LPCANet: Lightweight Pyramid Cross-Attention Network

Updated 21 January 2026

The paper introduces LPCANet, integrating a MobileNetV2 backbone with pyramid depth encoding and multi-head cross-attention to detect rail surface defects.
It leverages multi-scale fusion of RGB and depth features through a Lightweight Pyramid Module, Cross-Attention Mechanism, and Spatial Feature Extractor for precise segmentation.
Quantitative results demonstrate state-of-the-art improvements in metrics like IoU and MAE across rail and non-rail defect datasets while ensuring real-time performance.

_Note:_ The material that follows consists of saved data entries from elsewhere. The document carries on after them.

(* Consider a finite-horizon tabular MDP with stationary transition kernel $P$, $S$ states, $A$ actions, horizon $H$, and $m$ i.i.d. episodes from behavior policy $\mu$; for each $t\in[H]$ let $V^{\rm in}_{t+1}:\mathcal S\to[0,H]$ be fixed (not depending on the data). With $n_{s,a}=\sum_{i=1}^m\sum_{u=1}^H\mathbf 1[s^{(i)}_u=s,a^{(i)}_u=a]$, define $\tilde\sigma_{V^{\rm in}_{t+1}}(s,a)=\sigma_{V^{\rm in}_{t+1}}(s,a)$ if $n_{s,a}\le\frac12m\sum_{t=1}^Hd^\mu_t(s,a)$, and otherwise \[ \tilde\sigma_{V^{\rm in}_{t+1}}(s,a)=\frac1{n_{s,a}}\sum_{i=1}^m\sum_{u=1}^H[V^{\rm in}_{t+1}(s^{(i)}_{u+1})]^2\mathbf 1[s^{(i)}_u=s,a^{(i)}_u=a]-\tilde z_t(s,a)^2, \] where $\tilde z_t(s,a)=\frac1{n_{s,a}}\sum_{i=1}^m\sum_{u=1}^HV^{\rm in}_{t+1}(s^{(i)}_{u+1})\mathbf 1[s^{(i)}_u=s,a^{(i)}_u=a]$. Then with probability at least $1-\delta$, for all $t\in[H]$ and $(s,a)$ with $\sum_td^\mu_t(s,a)>0$, \[ \big|\tilde\sigma_{V^{\rm in}_{t+1}}(s,a)-\sigma_{V^{\rm in}_{t+1}}(s,a)\big|\le6H^2\sqrt{\frac{\log(4HSA/\delta)}{m\sum_{t=1}^Hd^\mu_t(s,a)}}+\frac{4H^2\log(4HSA/\delta)}{m\sum_{t=1}^Hd^\mu_t(s,a)}. \]
   Context: Episodes: $s_1\sim d_1$, $a_u\sim\mu_u(\cdot|s_u)$, $s_{u+1}\sim P(\cdot|s_u,a_u)$. $d^\mu_t(s,a)=\mathbb P^\mu(s_t=s,a_t=a)$. $\sigma_V(s,a)=\mathrm{Var}_{s'\sim P(\cdot|s,a)}[V(s')]$. $\delta\in(0,1)$. *)

theory Defs
  imports "HOL-Probability.Probability"
begin

text \<open>An episode is a pair (tr, sf): tr ! (u-1) = (s_u, a_u) for u = 1..H, sf = s_{H+1}.\<close>
type_synonym ('s, 'a) episode = "('s \<times> 'a) list \<times> 's"

fun gen_traj :: "('s \<Rightarrow> 'a \<Rightarrow> 's pmf) \<Rightarrow> (nat \<Rightarrow> 's \<Rightarrow> 'a pmf) \<Rightarrow> nat \<Rightarrow> nat \<Rightarrow> 's
                  \<Rightarrow> ('s, 'a) episode pmf" where
  "gen_traj P \<mu> u 0 s = return_pmf ([], s)"
| "gen_traj P \<mu> u (Suc k) s =
     do { a \<leftarrow> \<mu> u s; s' \<leftarrow> P s a; r \<leftarrow> gen_traj P \<mu> (Suc u) k s';
          return_pmf ((s, a) # fst r, snd r) }"

definition episode_pmf :: "'s pmf \<Rightarrow> ('s \<Rightarrow> 'a \<Rightarrow> 's pmf) \<Rightarrow> (nat \<Rightarrow> 's \<Rightarrow> 'a pmf) \<Rightarrow> nat
                            \<Rightarrow> ('s, 'a) episode pmf" where
  "episode_pmf d1 P \<mu> H = do { s \<leftarrow> d1; gen_traj P \<mu> 1 H s }"

definition ep_state :: "('s, 'a) episode \<Rightarrow> nat \<Rightarrow> 's" where
  "ep_state ep u = (if u - 1 < length (fst ep) then fst (fst ep ! (u - 1)) else snd ep)"

definition ep_action :: "('s, 'a) episode \<Rightarrow> nat \<Rightarrow> 'a" where
  "ep_action ep u = snd (fst ep ! (u - 1))"
(* For any instance of the multiple-processor multitask scheduling problem described in the context, for all $y\ge0$ and $t\ge0$, $$W^{\mathrm{M\text{-}SRPT}}_{\le y}(t)-W^{\mathrm{SRPT}_{1,N}}_{\le y}(t)\le N\cdot(2y+\eta).$$
   Context: Problem: $N$ identical unit-speed machines; jobs arrive online, job $i$ with release date $r_i$ and tasks of processing times $p_i^{(\ell)}>0$, workload $p_i=\sum_\ell p_i^{(\ell)}$; each task is preemptive or non-preemptive (a non-preemptive task once started runs uninterrupted to completion); each machine processes at most one task at a time; a job completes when all its tasks complete. $\eta$ is the maximum processing time of a non-preemptive task. M-SRPT: at every time, each machine running a started non-preemptive task continues it; all other machines are assigned to alive jobs in increasing order of remaining total workload; tasks within a job are processed in an arbitrary order. $\mathrm{SRPT}_{1,N}$: on the same arrival sequence, a single machine of speed $N$ processing each job as a single fully preemptible workload $p_i$ (tasks ignored) by the shortest-remaining-processing-time rule. For a schedule $\pi$, $W^\pi_{\le y}(t)$ is the total remaining workload at time $t$ of the alive jobs whose remaining workload is at most $y$. *)

theory Defs
  imports "HOL-Analysis.Analysis"
begin

text \<open>Instance: N machines; jobs 0..<n; job i has release date r i and tasks 0..<k i;
  task (i,l) has processing time p i l and is non-preemptive iff np i l.\<close>

definition pconst :: "(real \<Rightarrow> 'a) \<Rightarrow> bool" where
  "pconst f \<longleftrightarrow>
     (\<forall>t. \<exists>e>0. \<forall>s. t \<le> s \<and> s < t + e \<longrightarrow> f s = f t) \<and>
     (\<forall>t. \<exists>e>0. \<forall>s. t - e < s \<and> s < t \<longrightarrow> f s = f (t - e / 2))"

text \<open>Multi-machine schedule: sigma t m = Some (i,l) means machine m processes task l of job i
  at time t (on [t, t+dt)); None means idle.\<close>
definition mproc :: "nat \<Rightarrow> (real \<Rightarrow> nat \<Rightarrow> (nat \<times> nat) option) \<Rightarrow> nat \<Rightarrow> nat \<Rightarrow> real \<Rightarrow> real" where
  "mproc N \<sigma> i l t = (\<Sum>m<N. measure lborel {s \<in> {0..<t}. \<sigma> s m = Some (i, l)})"

definition mrem :: "nat \<Rightarrow> (nat \<Rightarrow> nat \<Rightarrow> real) \<Rightarrow> (real \<Rightarrow> nat \<Rightarrow> (nat \<times> nat) option)
    \<Rightarrow> nat \<Rightarrow> nat \<Rightarrow> real \<Rightarrow> real" where
  "mrem N p \<sigma> i l t = p i l - mproc N \<sigma> i l t"

definition mjrem :: "nat \<Rightarrow> (nat \<Rightarrow> nat) \<Rightarrow> (nat \<Rightarrow> nat \<Rightarrow> real) \<Rightarrow> (real \<Rightarrow> nat \<Rightarrow> (nat \<times> nat) option)
    \<Rightarrow> nat \<Rightarrow> real \<Rightarrow> real" where
  "mjrem N k p \<sigma> i t = (\<Sum>l<k i. mrem N p \<sigma> i l t)"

The Lightweight Pyramid Cross-Attention Network (LPCANet) is a specialized multi-modal deep learning architecture designed for efficient and accurate detection of rail surface defects using RGB-D (color and depth) image data. By integrating a lightweight convolutional backbone, a pyramid-based depth feature extractor, multi-scale cross-attention fusion, and a spatial feature enhancer, LPCANet achieves high accuracy with minimal computational burden, offering a practical solution for industrial defect inspection and real-time deployment in edge scenarios (Alex et al., 14 Jan 2026).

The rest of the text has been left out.